As opiniões do Assis Brasil sobre o que eu escrevia sempre foram elogiosas e creio que devo ter feito boas leituras porque uma vez, retornando das férias para o segundo semestre ele, após ler o que eu escrevera, colocou: - Edney, o que tu andas lendo?

Houve um período em que participei de uma série ( quatro ) de oficinas literárias, aqui em Porto Alegre. Após a oficina na PUC freqüentei outra, na UFRGS, com a Léa Masina. Essa mulher atribuiu-me uma qualificação que depois, em outras oportunidades tornei a ouvir, mas, sempre acompanhada de um mas.
Na verdade o termo utilizado foi apesar de, ou literalmente, apesar das.
Era o primeiro trabalho que ela nos retornava. Eu discorrera sobre a morte do “Simplório, um cara tão bom que Deus o requisitara.” – pra dar um jeito nas coisas, sabe-se que este mundinho anda precisando.
Me dá umas ânsias de contar essa história, ainda mais que eu a perdi, aliás, perdi todos os trabalhos dessa oficina, mas não importa. A Léa Masina deixou o meu trabalho por último e lascou:
- O Edney é um cara que pensa, apesar das aparências.
Alguns dirão que foi, no máximo, um meio elogio.










Na casa de cultura principiei uma oficina com o Charles Kiefer - podemos
acrescentá-lo aos contistas lidos anteriormente – mas não a conclui.
Em um trabalho literário fiz uma salada brasileira - missigenei caracteres textuais do Josué Guimarães com alguns contistas americanos – e o Charles não deglutiu muito bem. E olha que na teoria tratávamos de Paródia.
Desisti.
Vim a saber, mais tarde, que ele elogiou outros trabalhos que eu deixara.

Completando a quadrilogia conheci a residência do Lauri Maciel, ali, próximo à Bento Gonçalves – desta feita a avenida – na altura do Colégio Champanhat. Lá, não apenas o anfitrião, mas também meus colegas oficineiros eram garotos bem comportados.
Disseram que eu “dava os ares do Rubem Fonseca” – o Assis Brasil mencionara o João Antônio, que li somente após a comparação – pelos personagens marginais, pelas situações construídas. Imagine que a consumação do amor, ocorrida em um terreno baldio, por detrás de uma pedra, os deixou alvorotados; e pasmem: porque os personagens não se higienizaram após o ato.
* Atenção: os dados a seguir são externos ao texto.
(* Let $G=G_0*_HG_1$ be a nondegenerate free product with amalgamation and suppose that $\ker G$ is trivial. Then $G$ is a weak$^*$ Powers group.
   Context: The amalgam is nondegenerate if $([G_0:H]-1)([G_1:H]-1)\ge2$, and $\ker G=\bigcap_{g\in G}gHg^{-1}$. A group $G$ is a weak$^*$ Powers group if for every $f\in G\setminus\{e\}$ and every integer $k\ge1$ there exist a partition $G=D\sqcup E$ and elements $g_1,\dots,g_k\in G$ with $fD\cap D=\varnothing$ and $g_iE\cap g_jE=\varnothing$ for all distinct $i,j$. *)

theory Defs
  imports "HOL-Algebra.Algebra" "HOL-Library.Extended_Nat"
begin

definition subgroup_index :: "('a, 'b) monoid_scheme \<Rightarrow> 'a set \<Rightarrow> 'a set \<Rightarrow> enat" where
  "subgroup_index G K H =
     (let C = {a <#\<^bsub>G\<^esub> H | a. a \<in> K} in if finite C then enat (card C) else \<infinity>)"

definition list_prod :: "('a, 'b) monoid_scheme \<Rightarrow> 'a list \<Rightarrow> 'a" where
  "list_prod G ws = foldr (\<lambda>x y. x \<otimes>\<^bsub>G\<^esub> y) ws \<one>\<^bsub>G\<^esub>"

definition reduced_word :: "'a set \<Rightarrow> 'a set \<Rightarrow> 'a set \<Rightarrow> 'a list \<Rightarrow> bool" where
  "reduced_word G0 G1 H ws \<longleftrightarrow>
     (\<forall>i < length ws. ws ! i \<in> (G0 - H) \<union> (G1 - H)) \<and>
     (\<forall>i. Suc i < length ws \<longrightarrow>
        \<not> (ws ! i \<in> G0 \<and> ws ! Suc i \<in> G0) \<and> \<not> (ws ! i \<in> G1 \<and> ws ! Suc i \<in> G1))"

(* G is the (internal) free product with amalgamation G0 *_H G1:
   G0, G1 subgroups with G0 \<inter> G1 = H, generating G, and every nonempty reduced
   word represents a nontrivial element (normal form theorem). *)
definition amalgamated_product :: "('a, 'b) monoid_scheme \<Rightarrow> 'a set \<Rightarrow> 'a set \<Rightarrow> 'a set \<Rightarrow> bool" where
  "amalgamated_product G G0 G1 H \<longleftrightarrow>
     group G \<and> subgroup G0 G \<and> subgroup G1 G \<and> H = G0 \<inter> G1 \<and>
     generate G (G0 \<union> G1) = carrier G \<and>
     (\<forall>ws. ws \<noteq> [] \<and> reduced_word G0 G1 H ws \<longrightarrow> list_prod G ws \<noteq> \<one>\<^bsub>G\<^esub>)"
Entre as leituras longas li O Nome da Rosa e, recentemente, O Código da Vinci. Outro dia um colega me ofereceu Fortaleza Digital e recusei. Basta um Dan Brown. Mas é preciso ler o que muitos lêem. O crivo do público ainda é um critério de seleção confiável. Assim li alguma coisa de Paulo Coelho e não o considerei nem tão ruim quanto a crítica da época o dizia, nem tão bom quanto o público, ainda hoje, o consome.








O que me trouxe até o IPA também foi uma leitura, porém não literária: um anúncio de jornal. Eram ofertados cursos noturnos de 3º grau, a preços acessíveis e com prova única de redação. A época pensei que poderia concluir um curso noturno exclusivamente no período da noite. Mas não posso.
Das leituras na faculdade duas me chamaram a atenção: Vemon e a Sabedoria Humana e o trecho O Almocreve, de Machado de Assis.
Na primeira, o personagem, soberbamente, se julga conhecedor dos perigos da convivência em sociedade, se isola e crê estar acima de suas agruras. Mas qual, uma a uma ele cai nas armadilhas da vida.
No segundo, o personagem nos traz o lado mesquinho da alma humana e o descaminho – redução na gratificação – narrativo em verdade nos traz o valor real da vida humana em tempos modernos, ou seja, muito pouco.


E o gibi do incrível Hulk?
Lembro perfeitamente o título da histórinha: “O Cruel Tirano”.
Agora diga cruel com a sílaba tônica no “u” e com o ‘e” fechado.
Daqui de onde escrevo antevejo seu sorriso pequeno, quase dissimulado, a fazer coro às gargalhadas e galhofas do passado.
Aperto as última teclas enquanto penso em leituras futuras, silenciosas, de preferência.